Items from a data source
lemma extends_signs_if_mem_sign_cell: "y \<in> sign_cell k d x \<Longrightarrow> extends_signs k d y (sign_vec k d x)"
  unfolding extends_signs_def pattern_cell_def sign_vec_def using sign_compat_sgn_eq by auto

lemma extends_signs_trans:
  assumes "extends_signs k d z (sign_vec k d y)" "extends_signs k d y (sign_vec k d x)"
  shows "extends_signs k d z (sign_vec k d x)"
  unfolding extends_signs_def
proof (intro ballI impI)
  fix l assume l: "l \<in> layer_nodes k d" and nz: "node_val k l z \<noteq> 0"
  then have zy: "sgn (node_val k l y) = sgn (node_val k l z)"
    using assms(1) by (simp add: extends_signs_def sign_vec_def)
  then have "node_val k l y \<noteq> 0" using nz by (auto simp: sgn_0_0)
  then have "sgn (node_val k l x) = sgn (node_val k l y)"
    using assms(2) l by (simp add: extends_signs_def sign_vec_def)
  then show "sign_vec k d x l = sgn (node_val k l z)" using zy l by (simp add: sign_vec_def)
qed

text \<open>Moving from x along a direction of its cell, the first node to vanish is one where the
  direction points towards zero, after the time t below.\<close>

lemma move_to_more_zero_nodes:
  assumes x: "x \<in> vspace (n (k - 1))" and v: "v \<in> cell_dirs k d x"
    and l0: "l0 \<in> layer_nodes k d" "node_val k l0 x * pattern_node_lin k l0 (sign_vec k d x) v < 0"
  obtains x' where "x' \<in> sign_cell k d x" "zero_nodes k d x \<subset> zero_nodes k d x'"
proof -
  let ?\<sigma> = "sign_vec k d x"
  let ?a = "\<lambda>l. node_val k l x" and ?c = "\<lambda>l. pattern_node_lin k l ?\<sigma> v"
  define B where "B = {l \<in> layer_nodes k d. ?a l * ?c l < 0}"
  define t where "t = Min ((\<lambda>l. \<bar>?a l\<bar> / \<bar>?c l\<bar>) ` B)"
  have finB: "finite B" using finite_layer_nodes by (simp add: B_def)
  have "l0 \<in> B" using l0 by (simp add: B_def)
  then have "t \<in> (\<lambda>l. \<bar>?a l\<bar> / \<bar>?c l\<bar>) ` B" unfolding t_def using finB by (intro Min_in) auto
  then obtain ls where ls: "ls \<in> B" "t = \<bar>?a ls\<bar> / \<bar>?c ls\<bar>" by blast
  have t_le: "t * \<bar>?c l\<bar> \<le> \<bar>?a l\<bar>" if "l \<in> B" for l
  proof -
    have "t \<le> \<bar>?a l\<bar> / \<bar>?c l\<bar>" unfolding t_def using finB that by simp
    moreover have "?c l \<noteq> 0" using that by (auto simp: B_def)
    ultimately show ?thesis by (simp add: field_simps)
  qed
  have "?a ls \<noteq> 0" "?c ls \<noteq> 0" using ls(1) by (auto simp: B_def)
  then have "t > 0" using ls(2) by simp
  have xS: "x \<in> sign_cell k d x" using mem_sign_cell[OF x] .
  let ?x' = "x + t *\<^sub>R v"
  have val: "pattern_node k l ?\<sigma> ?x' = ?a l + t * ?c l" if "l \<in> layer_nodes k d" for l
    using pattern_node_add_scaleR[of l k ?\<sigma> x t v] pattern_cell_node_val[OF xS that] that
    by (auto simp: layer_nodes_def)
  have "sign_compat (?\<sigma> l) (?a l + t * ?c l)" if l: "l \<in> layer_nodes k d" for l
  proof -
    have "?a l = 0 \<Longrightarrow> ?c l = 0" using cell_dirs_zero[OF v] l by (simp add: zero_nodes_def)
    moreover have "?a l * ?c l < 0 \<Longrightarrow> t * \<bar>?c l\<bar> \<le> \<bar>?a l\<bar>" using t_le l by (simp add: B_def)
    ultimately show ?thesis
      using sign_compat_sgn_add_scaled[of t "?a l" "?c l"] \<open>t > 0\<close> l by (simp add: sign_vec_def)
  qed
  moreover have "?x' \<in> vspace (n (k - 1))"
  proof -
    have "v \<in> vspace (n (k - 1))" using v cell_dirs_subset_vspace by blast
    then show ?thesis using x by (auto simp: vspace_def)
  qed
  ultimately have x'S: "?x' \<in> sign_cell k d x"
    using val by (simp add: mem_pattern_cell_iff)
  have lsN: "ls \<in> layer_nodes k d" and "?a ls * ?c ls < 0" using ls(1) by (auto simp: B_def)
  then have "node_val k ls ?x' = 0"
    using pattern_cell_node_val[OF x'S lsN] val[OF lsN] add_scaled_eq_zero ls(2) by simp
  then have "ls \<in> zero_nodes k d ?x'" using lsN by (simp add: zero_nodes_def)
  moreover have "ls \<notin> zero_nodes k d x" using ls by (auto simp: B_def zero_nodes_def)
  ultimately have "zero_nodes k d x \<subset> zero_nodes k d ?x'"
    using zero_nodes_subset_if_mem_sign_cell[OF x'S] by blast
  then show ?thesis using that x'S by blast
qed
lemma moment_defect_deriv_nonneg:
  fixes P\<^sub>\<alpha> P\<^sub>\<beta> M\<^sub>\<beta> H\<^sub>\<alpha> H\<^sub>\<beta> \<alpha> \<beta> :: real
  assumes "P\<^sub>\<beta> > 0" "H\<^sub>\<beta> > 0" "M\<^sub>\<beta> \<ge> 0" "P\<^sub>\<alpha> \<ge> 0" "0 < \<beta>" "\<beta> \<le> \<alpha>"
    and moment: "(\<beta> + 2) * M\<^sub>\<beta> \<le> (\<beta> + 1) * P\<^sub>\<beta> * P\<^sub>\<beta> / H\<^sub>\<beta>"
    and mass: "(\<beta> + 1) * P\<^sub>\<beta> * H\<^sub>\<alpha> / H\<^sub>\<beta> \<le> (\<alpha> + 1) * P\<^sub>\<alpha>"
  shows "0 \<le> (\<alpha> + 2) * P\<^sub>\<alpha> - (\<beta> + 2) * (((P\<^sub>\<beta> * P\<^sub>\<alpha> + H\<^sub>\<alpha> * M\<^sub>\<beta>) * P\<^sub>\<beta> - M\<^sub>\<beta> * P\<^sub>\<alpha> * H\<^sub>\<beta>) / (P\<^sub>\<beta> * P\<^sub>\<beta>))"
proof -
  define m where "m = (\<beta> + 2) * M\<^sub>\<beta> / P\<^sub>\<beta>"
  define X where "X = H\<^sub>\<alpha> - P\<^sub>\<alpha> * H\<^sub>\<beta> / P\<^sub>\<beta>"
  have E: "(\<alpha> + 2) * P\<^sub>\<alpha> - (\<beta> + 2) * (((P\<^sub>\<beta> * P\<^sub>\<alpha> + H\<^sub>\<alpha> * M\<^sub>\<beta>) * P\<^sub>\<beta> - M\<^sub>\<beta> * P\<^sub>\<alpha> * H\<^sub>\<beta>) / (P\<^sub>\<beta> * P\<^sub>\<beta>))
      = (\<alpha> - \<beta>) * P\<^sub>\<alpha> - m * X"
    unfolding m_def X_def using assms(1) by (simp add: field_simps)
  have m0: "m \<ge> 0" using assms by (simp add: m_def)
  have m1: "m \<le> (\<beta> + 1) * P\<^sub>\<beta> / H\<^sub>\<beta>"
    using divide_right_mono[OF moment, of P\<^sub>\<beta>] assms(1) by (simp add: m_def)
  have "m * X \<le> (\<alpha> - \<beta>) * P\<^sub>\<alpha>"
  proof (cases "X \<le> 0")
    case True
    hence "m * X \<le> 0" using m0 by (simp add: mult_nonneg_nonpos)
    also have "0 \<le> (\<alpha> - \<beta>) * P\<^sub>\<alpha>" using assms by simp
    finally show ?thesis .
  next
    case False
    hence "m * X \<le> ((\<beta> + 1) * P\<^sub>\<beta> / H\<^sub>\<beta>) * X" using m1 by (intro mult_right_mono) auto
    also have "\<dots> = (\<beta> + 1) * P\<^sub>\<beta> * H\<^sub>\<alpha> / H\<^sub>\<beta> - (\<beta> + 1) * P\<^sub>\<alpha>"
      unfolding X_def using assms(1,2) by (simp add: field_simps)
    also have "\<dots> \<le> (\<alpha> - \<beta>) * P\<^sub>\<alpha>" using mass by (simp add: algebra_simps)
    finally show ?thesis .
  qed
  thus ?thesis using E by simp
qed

Task goal – Your reply must contain exactly the lines from the first line of the data through the line holding "that by (auto simp: B_def)", and nothing more.

Expected answer –
lemma extends_signs_if_mem_sign_cell: "y \<in> sign_cell k d x \<Longrightarrow> extends_signs k d y (sign_vec k d x)"
  unfolding extends_signs_def pattern_cell_def sign_vec_def using sign_compat_sgn_eq by auto

lemma extends_signs_trans:
  assumes "extends_signs k d z (sign_vec k d y)" "extends_signs k d y (sign_vec k d x)"
  shows "extends_signs k d z (sign_vec k d x)"
  unfolding extends_signs_def
proof (intro ballI impI)
  fix l assume l: "l \<in> layer_nodes k d" and nz: "node_val k l z \<noteq> 0"
  then have zy: "sgn (node_val k l y) = sgn (node_val k l z)"
    using assms(1) by (simp add: extends_signs_def sign_vec_def)
  then have "node_val k l y \<noteq> 0" using nz by (auto simp: sgn_0_0)
  then have "sgn (node_val k l x) = sgn (node_val k l y)"
    using assms(2) l by (simp add: extends_signs_def sign_vec_def)
  then show "sign_vec k d x l = sgn (node_val k l z)" using zy l by (simp add: sign_vec_def)
qed

text \<open>Moving from x along a direction of its cell, the first node to vanish is one where the
  direction points towards zero, after the time t below.\<close>

lemma move_to_more_zero_nodes:
  assumes x: "x \<in> vspace (n (k - 1))" and v: "v \<in> cell_dirs k d x"
    and l0: "l0 \<in> layer_nodes k d" "node_val k l0 x * pattern_node_lin k l0 (sign_vec k d x) v < 0"
  obtains x' where "x' \<in> sign_cell k d x" "zero_nodes k d x \<subset> zero_nodes k d x'"
proof -
  let ?\<sigma> = "sign_vec k d x"
  let ?a = "\<lambda>l. node_val k l x" and ?c = "\<lambda>l. pattern_node_lin k l ?\<sigma> v"
  define B where "B = {l \<in> layer_nodes k d. ?a l * ?c l < 0}"
  define t where "t = Min ((\<lambda>l. \<bar>?a l\<bar> / \<bar>?c l\<bar>) ` B)"
  have finB: "finite B" using finite_layer_nodes by (simp add: B_def)
  have "l0 \<in> B" using l0 by (simp add: B_def)
  then have "t \<in> (\<lambda>l. \<bar>?a l\<bar> / \<bar>?c l\<bar>) ` B" unfolding t_def using finB by (intro Min_in) auto
  then obtain ls where ls: "ls \<in> B" "t = \<bar>?a ls\<bar> / \<bar>?c ls\<bar>" by blast
  have t_le: "t * \<bar>?c l\<bar> \<le> \<bar>?a l\<bar>" if "l \<in> B" for l
  proof -
    have "t \<le> \<bar>?a l\<bar> / \<bar>?c l\<bar>" unfolding t_def using finB that by simp
    moreover have "?c l \<noteq> 0" using that by (auto simp: B_def)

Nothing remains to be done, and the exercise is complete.